I’m not a gamer. I do like to have a few “relaxation” game apps on my iPhone, though. So, when my 17-year-old son and my 40-something-year-old husband started talking about Fallout Shelter, I though, “Meh. Why not? I’m good at collecting things.”
Never did I expect Fallout Shelter to be a metaphor for business ownership.
What is Fallout Shelter?
Fallout Shelter is a free-to-play app based on the (I’m told) very popular Fallout game series. The game takes place in a post-apocalyptic world, and you are charged with overseeing the inhabitants (called Dwellers) of your shelter (called a Vault.)
No, the post-apocalyptic world is not the metaphor for business ownership.
Each Dweller has a job to do producing food, electricity, water, medicine, etc. As the Overseer, you are responsible for maximizing production. But you aren’t only responsible for food, water, medicine, etc. Your Vault is only a success when your Dwellers are happy.
Fallout Shelter and business ownership
I’ve only had Fallout Shelter on my phone for a few days, and I’ve already failed spectacularly. At one point, my Dwellers were at 10% happiness, they all had radiation poisoning, and food, electricity, water, and medicine were all critically low. I thought about deleting the game and going back to Neko Atsume or Toy Blast, but then my husband asked if he could help. Once he explained how the game worked, I started doing better.
Lesson #1: It helps to have a coach or a mentor to show you the ropes.
One of my first mistakes was adding onto my Vault every time I had enough bottle caps (the game’s currency) to do so. I had this really awesome Vault going…and not enough Dwellers to keep it going.
Lesson #2: Growing too fast without adequate resources leads to failure.
Along with having too much space and not enough Dwellers to manage it all, I noticed I did have some really happy Dwellers. A small handful were responsible for my abysmal overall Vault happiness. You can “eject” Dwellers from your Vault, which seems really heartless, and I almost didn’t do it. But, my Vault was failing, and I knew I needed to take drastic measures. So, I ejected my bottom three Dwellers (sorry, guys!) The happiness level in my Vault increased immediately.
Lesson #3: Keeping on unhappy, underperforming employees with bad attitudes will pull down your whole team.

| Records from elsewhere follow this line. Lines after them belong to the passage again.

lemma pmf_expectation_diff_le_l1_dist:
  fixes p q :: "'s::finite pmf" and f :: "'s \<Rightarrow> real"
  assumes "\<And>s. L \<le> f s" and "\<And>s. f s \<le> U"
  shows "\<bar>measure_pmf.expectation p f - measure_pmf.expectation q f\<bar>
         \<le> (\<Sum>s\<in>UNIV. \<bar>pmf p s - pmf q s\<bar>) * (U - L) / 2"
proof -
  define m where "m = (L + U) / 2"
  have expectation_sum: "measure_pmf.expectation r f = (\<Sum>s\<in>UNIV. f s * pmf r s)" for r
    by (rule integral_measure_pmf_real) auto
  have "measure_pmf.expectation p f - measure_pmf.expectation q f
      = (\<Sum>s\<in>UNIV. f s * pmf p s) - (\<Sum>s\<in>UNIV. f s * pmf q s)
        - m * ((\<Sum>s\<in>UNIV. pmf p s) - (\<Sum>s\<in>UNIV. pmf q s))"
    by (simp add: expectation_sum sum_pmf_eq_1)
  also have "\<dots> = (\<Sum>s\<in>UNIV. (f s - m) * (pmf p s - pmf q s))"
    by (simp add: left_diff_distrib right_diff_distrib sum_subtractf sum_distrib_left)
  also have "\<bar>\<dots>\<bar> \<le> (\<Sum>s\<in>UNIV. \<bar>(f s - m) * (pmf p s - pmf q s)\<bar>)"
    by (rule sum_abs)
  also have "\<dots> \<le> (\<Sum>s\<in>UNIV. (U - L) / 2 * \<bar>pmf p s - pmf q s\<bar>)"
  proof (rule sum_mono)
    fix s
    have "\<bar>f s - m\<bar> \<le> (U - L) / 2"
      using assms[of s] by (auto simp: m_def abs_le_iff field_simps)
    then show "\<bar>(f s - m) * (pmf p s - pmf q s)\<bar> \<le> (U - L) / 2 * \<bar>pmf p s - pmf q s\<bar>"
      unfolding abs_mult by (rule mult_right_mono) simp
  qed
  also have "\<dots> = (U - L) / 2 * (\<Sum>s\<in>UNIV. \<bar>pmf p s - pmf q s\<bar>)"
    by (rule sum_distrib_left[symmetric])
  finally show ?thesis
    by (simp add: algebra_simps)
qed

lemma geometric_sum_Suc: "(\<Sum>i<Suc k. g ^ i) = 1 + g * (\<Sum>i<k. (g :: real) ^ i)"
  by (simp add: sum.lessThan_Suc_shift sum_distrib_left del: sum.lessThan_Suc)

lemma Jaux_bounds:
  assumes "0 \<le> g"
    and "\<And>s a. lo \<le> c s a" and "\<And>s a. c s a \<le> hi"
    and "\<And>s. vl \<le> V s" and "\<And>s. V s \<le> vh"
  shows "lo * (\<Sum>i<k. g ^ i) + g ^ k * vl \<le> Jaux P c g pol V k h s
       \<and> Jaux P c g pol V k h s \<le> hi * (\<Sum>i<k. g ^ i) + g ^ k * vh"
proof (induction k arbitrary: h s)
  case 0
  show ?case using assms by simp
next
  case (Suc k)
  let ?L = "lo * (\<Sum>i<k. g ^ i) + g ^ k * vl" and ?U = "hi * (\<Sum>i<k. g ^ i) + g ^ k * vh"
  let ?EJ = "\<lambda>a. measure_pmf.expectation (P s a) (Jaux P c g pol V k (h @ [(s, a)]))"
  have "?L \<le> ?EJ a \<and> ?EJ a \<le> ?U" for a
    using Suc.IH by (intro pmf_expectation_bounds) auto
  then have "lo + g * ?L \<le> c s a + g * ?EJ a \<and> c s a + g * ?EJ a \<le> hi + g * ?U" for a
    using assms(2,3)[of s a] mult_left_mono[OF _ assms(1)] by (smt (verit))
  then have "lo + g * ?L \<le> Jaux P c g pol V (Suc k) h s \<and> Jaux P c g pol V (Suc k) h s \<le> hi + g * ?U"
    by (simp only: Jaux.simps) (intro pmf_expectation_bounds; blast)
  then show ?case
    by (simp add: geometric_sum_Suc algebra_simps del: sum.lessThan_Suc)
qed

lemma Jaux_Suc_diff_le:
  fixes P Ph :: "'s::finite \<Rightarrow> 'a \<Rightarrow> 's pmf"
  assumes "0 \<le> g"
    and l1: "\<And>s a. (\<Sum>s'\<in>UNIV. \<bar>pmf (Ph s a) s' - pmf (P s a) s'\<bar>) \<le> alpha"
    and cost: "\<And>s a. \<bar>ch s a - c s a\<bar> \<le> alpha" and c_bounded: "\<And>s a. \<bar>c s a\<bar> \<le> C"
    and J_range: "\<And>h s. L \<le> Jaux P c g pol V k h s" "\<And>h s. Jaux P c g pol V k h s \<le> U"
    and diff: "\<And>h s. \<bar>Jaux P c g pol V k h s - Jaux Ph ch g pol V k h s\<bar> \<le> D"
  shows "\<bar>Jaux P c g pol V (Suc k) h s - Jaux Ph ch g pol V (Suc k) h s\<bar>
         \<le> alpha + g * (alpha * (U - L) / 2 + D)"
proof -
  let ?J = "\<lambda>a. Jaux P c g pol V k (h @ [(s, a)])"
  let ?Jh = "\<lambda>a. Jaux Ph ch g pol V k (h @ [(s, a)])"
  define f where "f a = c s a + g * measure_pmf.expectation (P s a) (?J a)" for a
  define fh where "fh a = ch s a + g * measure_pmf.expectation (Ph s a) (?Jh a)" for a
  define B where "B = max \<bar>L\<bar> \<bar>U\<bar>"
  have J_abs: "\<bar>Jaux P c g pol V k h' s'\<bar> \<le> B" for h' s'
    using J_range[of h' s'] by (auto simp: B_def)
  have Jh_abs: "\<bar>Jaux Ph ch g pol V k h' s'\<bar> \<le> B + D" for h' s'
    using J_abs[of h' s'] diff[of h' s'] by linarith
  have step_abs: "\<bar>x + g * y\<bar> \<le> X + g * Y" if "\<bar>x\<bar> \<le> X" "\<bar>y\<bar> \<le> Y" for x y X Y
  proof -
    have "\<bar>x + g * y\<bar> \<le> \<bar>x\<bar> + g * \<bar>y\<bar>"
      using \<open>0 \<le> g\<close> by (metis abs_mult abs_of_nonneg abs_triangle_ineq)
    also have "\<dots> \<le> X + g * Y"
      using that \<open>0 \<le> g\<close> by (intro add_mono mult_left_mono)
    finally show ?thesis .
  qed
  have "\<bar>f a\<bar> \<le> C + g * B" for a
    unfolding f_def using c_bounded abs_pmf_expectation_le[OF J_abs] by (rule step_abs)
  moreover have "\<bar>fh a\<bar> \<le> (C + alpha) + g * (B + D)" for a
  proof -
    have "\<bar>ch s a\<bar> \<le> C + alpha"
      using c_bounded[of s a] cost[of s a] by linarith
    then show ?thesis
      unfolding fh_def using abs_pmf_expectation_le[OF Jh_abs] by (rule step_abs)
  qed
  moreover have "\<bar>f a - fh a\<bar> \<le> alpha + g * (alpha * (U - L) / 2 + D)" for a
  proof -
    have "L \<le> U" using J_range by (meson order.trans)
    have "\<bar>measure_pmf.expectation (Ph s a) (?J a) - measure_pmf.expectation (P s a) (?J a)\<bar>
        \<le> (\<Sum>s'\<in>UNIV. \<bar>pmf (Ph s a) s' - pmf (P s a) s'\<bar>) * (U - L) / 2"
      by (rule pmf_expectation_diff_le_l1_dist[OF J_range])
    also have "\<dots> \<le> alpha * (U - L) / 2"
      using l1[of s a] \<open>L \<le> U\<close> by (intro divide_right_mono mult_right_mono) auto
    finally have transition:
      "\<bar>measure_pmf.expectation (P s a) (?J a) - measure_pmf.expectation (Ph s a) (?J a)\<bar>
        \<le> alpha * (U - L) / 2"
      by (simp add: abs_minus_commute)
    have continuation: "\<bar>measure_pmf.expectation (Ph s a) (?J a) - measure_pmf.expectation (Ph s a) (?Jh a)\<bar>
        \<le> D"
      by (rule abs_pmf_expectation_diff_le[OF J_abs Jh_abs diff])
    have "f a - fh a = (c s a - ch s a)
        + g * (measure_pmf.expectation (P s a) (?J a) - measure_pmf.expectation (Ph s a) (?Jh a))"
      by (simp add: f_def fh_def algebra_simps)
    also have "\<bar>\<dots>\<bar> \<le> alpha + g * (alpha * (U - L) / 2 + D)"
    proof (rule step_abs)
      show "\<bar>c s a - ch s a\<bar> \<le> alpha"
        using cost[of s a] by (simp add: abs_minus_commute)
      show "\<bar>measure_pmf.expectation (P s a) (?J a) - measure_pmf.expectation (Ph s a) (?Jh a)\<bar>
          \<le> alpha * (U - L) / 2 + D"
        using transition continuation by linarith
    qed
    finally show ?thesis .
  qed
  ultimately show ?thesis
    unfolding Jaux.simps f_def[symmetric] fh_def[symmetric] by (rule abs_pmf_expectation_diff_le)
qed

definition horizon_error :: "real \<Rightarrow> real \<Rightarrow> real \<Rightarrow> real \<Rightarrow> nat \<Rightarrow> real" where
  "horizon_error g alpha dc dV k =
     alpha * (\<Sum>i<k. g ^ i) + real k * g ^ k * alpha * dV / 2
     + real k * g * (\<Sum>i<k - 1. g ^ i) * alpha * dc / 2"

lemma horizon_error_Suc_ge:
  assumes "0 \<le> g" and "0 \<le> alpha" and "0 \<le> dc"
  shows "alpha + g * (alpha * (dc * (\<Sum>i<k. g ^ i) + g ^ k * dV) / 2 + horizon_error g alpha dc dV k)
         \<le> horizon_error g alpha dc dV (Suc k)"
proof -
  define S where "S = (\<Sum>i<k. g ^ i)"
  define T where "T = (\<Sum>i<k - 1. g ^ i)"
  have "g * T \<le> S"
    using \<open>0 \<le> g\<close> by (cases k) (simp_all add: S_def T_def geometric_sum_Suc del: sum.lessThan_Suc)
  then have "real k * g * alpha * dc * (g * T) \<le> real k * g * alpha * dc * S"
    using assms by (intro mult_left_mono) auto
  then show ?thesis
    unfolding horizon_error_def geometric_sum_Suc diff_Suc_1 S_def[symmetric] T_def[symmetric]
    by (simp add: field_simps)
qed

lemma Jaux_diff_le_horizon_error:
  fixes P Ph :: "'s::finite \<Rightarrow> 'a \<Rightarrow> 's pmf"
  assumes "0 \<le> g"
    and l1: "\<And>s a. (\<Sum>s'\<in>UNIV. \<bar>pmf (Ph s a) s' - pmf (P s a) s'\<bar>) \<le> alpha"
    and cost: "\<And>s a. \<bar>ch s a - c s a\<bar> \<le> alpha"
    and c_bounds: "\<And>s a. cmin \<le> c s a" "\<And>s a. c s a \<le> cmax"
    and V_bounds: "\<And>s. Vmin \<le> V s" "\<And>s. V s \<le> Vmax"
  shows "\<bar>Jaux P c g pol V k h s - Jaux Ph ch g pol V k h s\<bar>
         \<le> horizon_error g alpha (cmax - cmin) (Vmax - Vmin) k"
proof (induction k arbitrary: h s)
  case 0
  show ?case by (simp add: horizon_error_def)
next
  case (Suc k)
  define L where "L = cmin * (\<Sum>i<k. g ^ i) + g ^ k * Vmin"
  define U where "U = cmax * (\<Sum>i<k. g ^ i) + g ^ k * Vmax"
  have "L \<le> Jaux P c g pol V k h' s' \<and> Jaux P c g pol V k h' s' \<le> U" for h' s'
    unfolding L_def U_def by (rule Jaux_bounds) (use \<open>0 \<le> g\<close> c_bounds V_bounds in auto)
  then have J_range: "L \<le> Jaux P c g pol V k h' s'" "Jaux P c g pol V k h' s' \<le> U" for h' s'
    by auto
  have "\<bar>c s' a\<bar> \<le> max \<bar>cmin\<bar> \<bar>cmax\<bar>" for s' a
    using c_bounds[of s' a] by linarith
  then have "\<bar>Jaux P c g pol V (Suc k) h s - Jaux Ph ch g pol V (Suc k) h s\<bar>
      \<le> alpha + g * (alpha * (U - L) / 2 + horizon_error g alpha (cmax - cmin) (Vmax - Vmin) k)"
    using Jaux_Suc_diff_le[OF \<open>0 \<le> g\<close> l1 cost _ J_range Suc.IH] by blast
  also have "\<dots> \<le> horizon_error g alpha (cmax - cmin) (Vmax - Vmin) (Suc k)"
  proof -
    have "0 \<le> alpha" "0 \<le> cmax - cmin"
      using cost[of s undefined] c_bounds[of s undefined] by auto
    moreover have "U - L = (cmax - cmin) * (\<Sum>i<k. g ^ i) + g ^ k * (Vmax - Vmin)"
      by (simp add: L_def U_def algebra_simps)
    ultimately show ?thesis
      using horizon_error_Suc_ge[OF \<open>0 \<le> g\<close>] by simp
  qed
  finally show ?case .
qed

I still feel bad about ejecting those three Dwellers, though. It wasn’t entirely their fault they were unhappy. I hadn’t provided a Vault where they could thrive.
Lesson #4: As a business owner, you are at least partially responsible for your employees’ happiness.
(I’m going to expand on Lesson #4 a little more. If an employee is just a miserable person, you can’t do much to help them. However, as employers we are obligated to provide a safe working environment where our employees can thrive. Many things can lead to an otherwise terrific person being unhappy with their work situation, but if you have a good hiring process in place you should be able to identify before hiring if an employee is going to be a good fit in your company.)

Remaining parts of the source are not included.